§ Work request
Using the records that appear below, write out exactly the lines from the one with "is_pullback (fiber X B Po Pa (Cd" through the one with "Cp X cC a' = Cp X a cA \<and>", keeping both end lines.

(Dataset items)
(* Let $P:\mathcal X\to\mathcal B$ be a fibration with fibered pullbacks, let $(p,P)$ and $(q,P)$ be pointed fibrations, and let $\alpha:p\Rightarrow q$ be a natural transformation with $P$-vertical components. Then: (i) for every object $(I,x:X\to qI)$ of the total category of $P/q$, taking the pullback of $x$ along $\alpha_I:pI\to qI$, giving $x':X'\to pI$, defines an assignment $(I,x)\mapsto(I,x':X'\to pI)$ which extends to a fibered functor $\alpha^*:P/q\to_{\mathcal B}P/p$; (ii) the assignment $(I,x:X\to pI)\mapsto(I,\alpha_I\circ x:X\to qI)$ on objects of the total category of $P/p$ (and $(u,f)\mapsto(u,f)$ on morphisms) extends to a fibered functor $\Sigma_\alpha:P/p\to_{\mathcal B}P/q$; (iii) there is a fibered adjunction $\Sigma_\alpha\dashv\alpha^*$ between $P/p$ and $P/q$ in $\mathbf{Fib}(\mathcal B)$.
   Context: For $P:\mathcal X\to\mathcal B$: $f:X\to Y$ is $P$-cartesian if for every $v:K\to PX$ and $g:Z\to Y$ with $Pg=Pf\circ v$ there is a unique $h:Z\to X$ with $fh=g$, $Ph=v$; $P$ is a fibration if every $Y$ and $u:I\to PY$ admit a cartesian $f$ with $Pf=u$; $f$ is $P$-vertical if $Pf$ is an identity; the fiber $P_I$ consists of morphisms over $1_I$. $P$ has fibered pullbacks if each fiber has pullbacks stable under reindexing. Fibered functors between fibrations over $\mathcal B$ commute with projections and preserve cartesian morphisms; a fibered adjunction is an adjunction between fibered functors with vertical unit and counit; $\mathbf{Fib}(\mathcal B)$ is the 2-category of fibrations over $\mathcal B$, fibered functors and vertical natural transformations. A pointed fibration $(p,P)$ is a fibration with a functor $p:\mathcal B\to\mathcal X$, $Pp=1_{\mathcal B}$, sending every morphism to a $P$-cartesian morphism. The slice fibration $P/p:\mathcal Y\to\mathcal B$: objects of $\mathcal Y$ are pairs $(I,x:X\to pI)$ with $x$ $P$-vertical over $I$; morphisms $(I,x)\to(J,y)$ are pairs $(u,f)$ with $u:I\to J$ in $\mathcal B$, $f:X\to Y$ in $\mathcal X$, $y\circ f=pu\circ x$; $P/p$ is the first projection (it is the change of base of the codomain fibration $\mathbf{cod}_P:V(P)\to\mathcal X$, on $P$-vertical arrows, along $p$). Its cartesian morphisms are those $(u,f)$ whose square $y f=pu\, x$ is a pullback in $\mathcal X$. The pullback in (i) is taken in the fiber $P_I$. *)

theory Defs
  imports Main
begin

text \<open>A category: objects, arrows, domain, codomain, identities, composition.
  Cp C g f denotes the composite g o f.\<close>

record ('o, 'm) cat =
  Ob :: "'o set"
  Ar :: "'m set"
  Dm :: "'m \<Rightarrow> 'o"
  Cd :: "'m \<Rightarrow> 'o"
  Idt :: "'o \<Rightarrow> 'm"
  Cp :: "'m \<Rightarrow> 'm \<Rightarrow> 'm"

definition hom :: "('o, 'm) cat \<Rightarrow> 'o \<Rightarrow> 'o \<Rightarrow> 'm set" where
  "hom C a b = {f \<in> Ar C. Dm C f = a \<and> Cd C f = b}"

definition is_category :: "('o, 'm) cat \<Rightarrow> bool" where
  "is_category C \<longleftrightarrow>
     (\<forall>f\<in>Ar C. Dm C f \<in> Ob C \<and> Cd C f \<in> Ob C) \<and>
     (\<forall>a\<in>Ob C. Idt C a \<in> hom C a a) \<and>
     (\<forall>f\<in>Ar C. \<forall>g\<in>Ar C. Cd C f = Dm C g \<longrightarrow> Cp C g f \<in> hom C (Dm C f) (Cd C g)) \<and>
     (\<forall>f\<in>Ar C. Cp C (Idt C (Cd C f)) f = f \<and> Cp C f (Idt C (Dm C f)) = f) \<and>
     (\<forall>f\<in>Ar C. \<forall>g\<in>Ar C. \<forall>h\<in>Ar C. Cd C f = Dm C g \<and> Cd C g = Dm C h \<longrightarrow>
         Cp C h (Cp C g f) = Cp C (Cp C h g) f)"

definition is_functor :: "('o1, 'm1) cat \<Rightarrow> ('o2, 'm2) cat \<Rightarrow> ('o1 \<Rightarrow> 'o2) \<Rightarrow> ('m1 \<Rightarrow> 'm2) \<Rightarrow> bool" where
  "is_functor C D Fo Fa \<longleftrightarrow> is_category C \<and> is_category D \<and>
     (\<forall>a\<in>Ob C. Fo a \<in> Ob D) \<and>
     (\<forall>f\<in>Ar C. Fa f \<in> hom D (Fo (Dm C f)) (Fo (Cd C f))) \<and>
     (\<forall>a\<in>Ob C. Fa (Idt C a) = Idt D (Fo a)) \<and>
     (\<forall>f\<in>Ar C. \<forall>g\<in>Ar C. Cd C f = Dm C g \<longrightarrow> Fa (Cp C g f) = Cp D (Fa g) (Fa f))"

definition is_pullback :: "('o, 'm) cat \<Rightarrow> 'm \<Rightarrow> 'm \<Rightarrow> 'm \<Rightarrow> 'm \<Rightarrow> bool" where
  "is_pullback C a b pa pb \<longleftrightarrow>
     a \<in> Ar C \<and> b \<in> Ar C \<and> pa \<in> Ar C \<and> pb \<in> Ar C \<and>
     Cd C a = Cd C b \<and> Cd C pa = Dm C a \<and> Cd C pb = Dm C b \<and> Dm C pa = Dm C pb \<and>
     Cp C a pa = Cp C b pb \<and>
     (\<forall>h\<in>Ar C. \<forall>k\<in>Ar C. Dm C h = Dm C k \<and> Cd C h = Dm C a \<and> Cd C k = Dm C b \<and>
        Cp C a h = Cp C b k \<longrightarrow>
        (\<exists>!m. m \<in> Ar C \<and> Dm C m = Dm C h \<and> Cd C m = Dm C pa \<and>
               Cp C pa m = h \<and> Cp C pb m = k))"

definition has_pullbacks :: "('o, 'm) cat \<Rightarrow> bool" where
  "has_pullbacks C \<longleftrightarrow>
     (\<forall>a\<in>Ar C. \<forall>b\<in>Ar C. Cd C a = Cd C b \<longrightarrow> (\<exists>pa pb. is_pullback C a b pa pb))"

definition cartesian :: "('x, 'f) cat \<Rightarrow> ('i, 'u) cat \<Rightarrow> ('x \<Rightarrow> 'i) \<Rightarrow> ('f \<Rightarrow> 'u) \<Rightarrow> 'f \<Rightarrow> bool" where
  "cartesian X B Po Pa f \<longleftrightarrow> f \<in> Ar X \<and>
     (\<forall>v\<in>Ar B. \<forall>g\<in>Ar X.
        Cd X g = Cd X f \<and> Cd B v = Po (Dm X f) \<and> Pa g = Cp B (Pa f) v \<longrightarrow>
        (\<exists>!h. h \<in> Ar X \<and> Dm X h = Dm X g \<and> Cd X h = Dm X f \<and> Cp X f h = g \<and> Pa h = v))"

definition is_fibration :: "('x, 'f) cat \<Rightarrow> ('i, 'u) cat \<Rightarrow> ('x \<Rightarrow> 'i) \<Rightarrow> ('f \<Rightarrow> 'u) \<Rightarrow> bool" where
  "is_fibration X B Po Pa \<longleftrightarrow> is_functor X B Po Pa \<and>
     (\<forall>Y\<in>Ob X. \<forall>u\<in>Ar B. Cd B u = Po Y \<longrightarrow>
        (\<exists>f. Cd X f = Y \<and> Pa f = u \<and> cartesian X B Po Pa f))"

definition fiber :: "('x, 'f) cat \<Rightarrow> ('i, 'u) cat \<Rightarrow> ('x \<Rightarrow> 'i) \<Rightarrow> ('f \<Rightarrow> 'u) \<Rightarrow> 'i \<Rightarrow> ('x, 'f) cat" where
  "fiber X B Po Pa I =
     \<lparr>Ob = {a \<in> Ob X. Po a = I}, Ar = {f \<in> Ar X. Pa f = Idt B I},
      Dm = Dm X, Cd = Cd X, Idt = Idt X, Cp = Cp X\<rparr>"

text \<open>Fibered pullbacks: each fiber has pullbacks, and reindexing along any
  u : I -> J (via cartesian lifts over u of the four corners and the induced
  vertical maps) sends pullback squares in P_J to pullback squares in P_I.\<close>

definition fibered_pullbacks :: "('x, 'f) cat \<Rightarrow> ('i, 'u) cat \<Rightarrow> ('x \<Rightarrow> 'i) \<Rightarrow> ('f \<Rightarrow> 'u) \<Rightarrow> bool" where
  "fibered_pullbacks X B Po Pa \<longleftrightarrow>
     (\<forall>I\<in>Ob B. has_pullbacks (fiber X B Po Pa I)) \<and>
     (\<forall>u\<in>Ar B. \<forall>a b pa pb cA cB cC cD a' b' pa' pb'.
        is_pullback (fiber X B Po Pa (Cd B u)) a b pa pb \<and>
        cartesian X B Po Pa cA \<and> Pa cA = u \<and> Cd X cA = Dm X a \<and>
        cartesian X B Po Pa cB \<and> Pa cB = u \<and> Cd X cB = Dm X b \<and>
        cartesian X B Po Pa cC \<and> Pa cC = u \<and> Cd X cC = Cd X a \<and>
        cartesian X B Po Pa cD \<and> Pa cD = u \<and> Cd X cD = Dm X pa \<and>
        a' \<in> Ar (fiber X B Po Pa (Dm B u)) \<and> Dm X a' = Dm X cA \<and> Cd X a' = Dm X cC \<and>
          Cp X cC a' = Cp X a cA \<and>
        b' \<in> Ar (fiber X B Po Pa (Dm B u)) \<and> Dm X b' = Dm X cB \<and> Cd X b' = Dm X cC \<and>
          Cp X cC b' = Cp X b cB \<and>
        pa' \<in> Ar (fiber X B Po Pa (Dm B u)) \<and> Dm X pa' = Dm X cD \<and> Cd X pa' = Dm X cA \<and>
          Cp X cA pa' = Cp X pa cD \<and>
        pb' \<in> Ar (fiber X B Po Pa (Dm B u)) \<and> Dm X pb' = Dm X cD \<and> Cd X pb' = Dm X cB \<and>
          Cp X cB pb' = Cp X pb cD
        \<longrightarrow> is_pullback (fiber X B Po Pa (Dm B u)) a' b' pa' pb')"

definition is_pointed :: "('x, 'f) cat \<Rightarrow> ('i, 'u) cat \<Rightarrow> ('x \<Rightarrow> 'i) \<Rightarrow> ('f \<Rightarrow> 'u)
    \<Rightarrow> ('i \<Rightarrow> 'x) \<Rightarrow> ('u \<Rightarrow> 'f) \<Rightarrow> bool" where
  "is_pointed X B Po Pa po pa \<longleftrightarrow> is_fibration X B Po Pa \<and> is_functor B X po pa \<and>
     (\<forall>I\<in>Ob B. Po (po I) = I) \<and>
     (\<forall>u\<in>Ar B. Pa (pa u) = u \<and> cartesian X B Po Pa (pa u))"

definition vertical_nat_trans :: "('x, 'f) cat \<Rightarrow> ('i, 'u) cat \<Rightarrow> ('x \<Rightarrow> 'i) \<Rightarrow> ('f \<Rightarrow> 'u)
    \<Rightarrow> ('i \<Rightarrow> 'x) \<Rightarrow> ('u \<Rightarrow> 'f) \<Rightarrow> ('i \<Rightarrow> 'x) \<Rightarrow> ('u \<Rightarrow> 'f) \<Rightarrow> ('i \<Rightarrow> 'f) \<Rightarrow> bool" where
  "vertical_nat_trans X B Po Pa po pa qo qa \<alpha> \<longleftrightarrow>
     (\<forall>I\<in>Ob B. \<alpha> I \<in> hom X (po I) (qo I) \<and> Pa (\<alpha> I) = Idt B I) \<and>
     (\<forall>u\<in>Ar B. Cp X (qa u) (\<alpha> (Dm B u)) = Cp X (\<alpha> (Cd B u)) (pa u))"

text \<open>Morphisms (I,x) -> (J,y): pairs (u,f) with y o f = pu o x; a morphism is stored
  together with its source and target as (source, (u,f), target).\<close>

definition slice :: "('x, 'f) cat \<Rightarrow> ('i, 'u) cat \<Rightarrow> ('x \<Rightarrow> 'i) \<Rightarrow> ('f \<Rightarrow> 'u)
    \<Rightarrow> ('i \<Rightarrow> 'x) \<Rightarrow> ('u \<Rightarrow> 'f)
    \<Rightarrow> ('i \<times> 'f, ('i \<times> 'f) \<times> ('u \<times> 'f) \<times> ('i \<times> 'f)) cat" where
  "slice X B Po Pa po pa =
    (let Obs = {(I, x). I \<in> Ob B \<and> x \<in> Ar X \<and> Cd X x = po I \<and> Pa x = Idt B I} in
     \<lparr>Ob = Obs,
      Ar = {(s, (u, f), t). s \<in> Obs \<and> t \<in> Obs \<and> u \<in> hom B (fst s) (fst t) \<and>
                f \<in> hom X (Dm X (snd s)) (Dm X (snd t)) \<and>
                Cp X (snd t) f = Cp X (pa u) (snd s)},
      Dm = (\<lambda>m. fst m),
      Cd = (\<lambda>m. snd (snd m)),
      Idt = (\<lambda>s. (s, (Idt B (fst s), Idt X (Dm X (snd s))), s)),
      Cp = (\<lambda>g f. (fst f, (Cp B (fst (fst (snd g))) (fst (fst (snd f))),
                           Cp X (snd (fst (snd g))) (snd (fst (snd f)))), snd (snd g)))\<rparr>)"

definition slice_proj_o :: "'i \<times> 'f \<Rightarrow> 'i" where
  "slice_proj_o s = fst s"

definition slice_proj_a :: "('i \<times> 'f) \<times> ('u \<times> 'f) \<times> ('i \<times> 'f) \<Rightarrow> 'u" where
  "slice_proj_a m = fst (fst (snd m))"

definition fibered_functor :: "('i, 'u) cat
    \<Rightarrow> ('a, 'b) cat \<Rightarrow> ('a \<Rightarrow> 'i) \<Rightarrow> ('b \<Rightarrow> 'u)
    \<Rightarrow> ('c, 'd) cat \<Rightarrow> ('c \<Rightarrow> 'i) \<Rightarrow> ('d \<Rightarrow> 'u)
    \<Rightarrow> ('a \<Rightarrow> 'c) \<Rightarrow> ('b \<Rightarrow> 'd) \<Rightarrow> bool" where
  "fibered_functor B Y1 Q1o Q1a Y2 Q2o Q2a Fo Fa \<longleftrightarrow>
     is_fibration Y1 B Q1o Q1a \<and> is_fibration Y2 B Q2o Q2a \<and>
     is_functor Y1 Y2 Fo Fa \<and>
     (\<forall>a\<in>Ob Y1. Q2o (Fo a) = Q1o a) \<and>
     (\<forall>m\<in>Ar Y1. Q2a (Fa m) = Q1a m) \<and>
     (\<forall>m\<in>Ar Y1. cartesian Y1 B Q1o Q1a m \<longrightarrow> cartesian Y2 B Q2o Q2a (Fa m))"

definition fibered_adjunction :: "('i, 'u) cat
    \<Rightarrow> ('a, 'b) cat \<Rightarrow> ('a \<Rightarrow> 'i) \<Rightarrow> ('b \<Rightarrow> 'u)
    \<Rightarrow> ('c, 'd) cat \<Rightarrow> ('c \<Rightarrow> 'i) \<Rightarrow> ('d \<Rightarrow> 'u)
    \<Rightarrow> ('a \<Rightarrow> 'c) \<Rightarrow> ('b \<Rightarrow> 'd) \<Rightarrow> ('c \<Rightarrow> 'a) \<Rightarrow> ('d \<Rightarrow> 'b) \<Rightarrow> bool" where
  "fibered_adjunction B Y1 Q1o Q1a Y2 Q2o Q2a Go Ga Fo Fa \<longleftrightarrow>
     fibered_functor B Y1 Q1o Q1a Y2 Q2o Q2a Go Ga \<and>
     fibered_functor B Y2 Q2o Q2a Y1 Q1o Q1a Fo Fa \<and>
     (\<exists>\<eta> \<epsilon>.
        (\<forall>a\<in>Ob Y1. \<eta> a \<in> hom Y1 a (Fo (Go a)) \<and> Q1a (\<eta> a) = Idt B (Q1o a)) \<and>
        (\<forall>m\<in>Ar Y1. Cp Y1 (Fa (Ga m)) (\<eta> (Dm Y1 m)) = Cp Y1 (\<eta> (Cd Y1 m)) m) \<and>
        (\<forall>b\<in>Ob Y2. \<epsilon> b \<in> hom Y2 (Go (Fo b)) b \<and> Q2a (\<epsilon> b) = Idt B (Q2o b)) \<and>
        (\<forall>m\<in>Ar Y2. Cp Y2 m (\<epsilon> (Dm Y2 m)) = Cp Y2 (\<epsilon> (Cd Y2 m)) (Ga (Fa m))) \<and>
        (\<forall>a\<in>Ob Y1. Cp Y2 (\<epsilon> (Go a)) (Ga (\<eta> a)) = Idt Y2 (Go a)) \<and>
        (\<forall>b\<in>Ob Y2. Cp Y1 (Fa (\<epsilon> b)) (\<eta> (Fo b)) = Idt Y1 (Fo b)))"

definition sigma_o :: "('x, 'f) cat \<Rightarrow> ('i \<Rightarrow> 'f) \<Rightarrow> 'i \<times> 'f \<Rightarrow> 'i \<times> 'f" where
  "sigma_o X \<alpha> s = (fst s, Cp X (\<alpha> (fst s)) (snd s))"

§ Exercise response
        is_pullback (fiber X B Po Pa (Cd B u)) a b pa pb \<and>
        cartesian X B Po Pa cA \<and> Pa cA = u \<and> Cd X cA = Dm X a \<and>
        cartesian X B Po Pa cB \<and> Pa cB = u \<and> Cd X cB = Dm X b \<and>
        cartesian X B Po Pa cC \<and> Pa cC = u \<and> Cd X cC = Cd X a \<and>
        cartesian X B Po Pa cD \<and> Pa cD = u \<and> Cd X cD = Dm X pa \<and>
        a' \<in> Ar (fiber X B Po Pa (Dm B u)) \<and> Dm X a' = Dm X cA \<and> Cd X a' = Dm X cC \<and>
          Cp X cC a' = Cp X a cA \<and>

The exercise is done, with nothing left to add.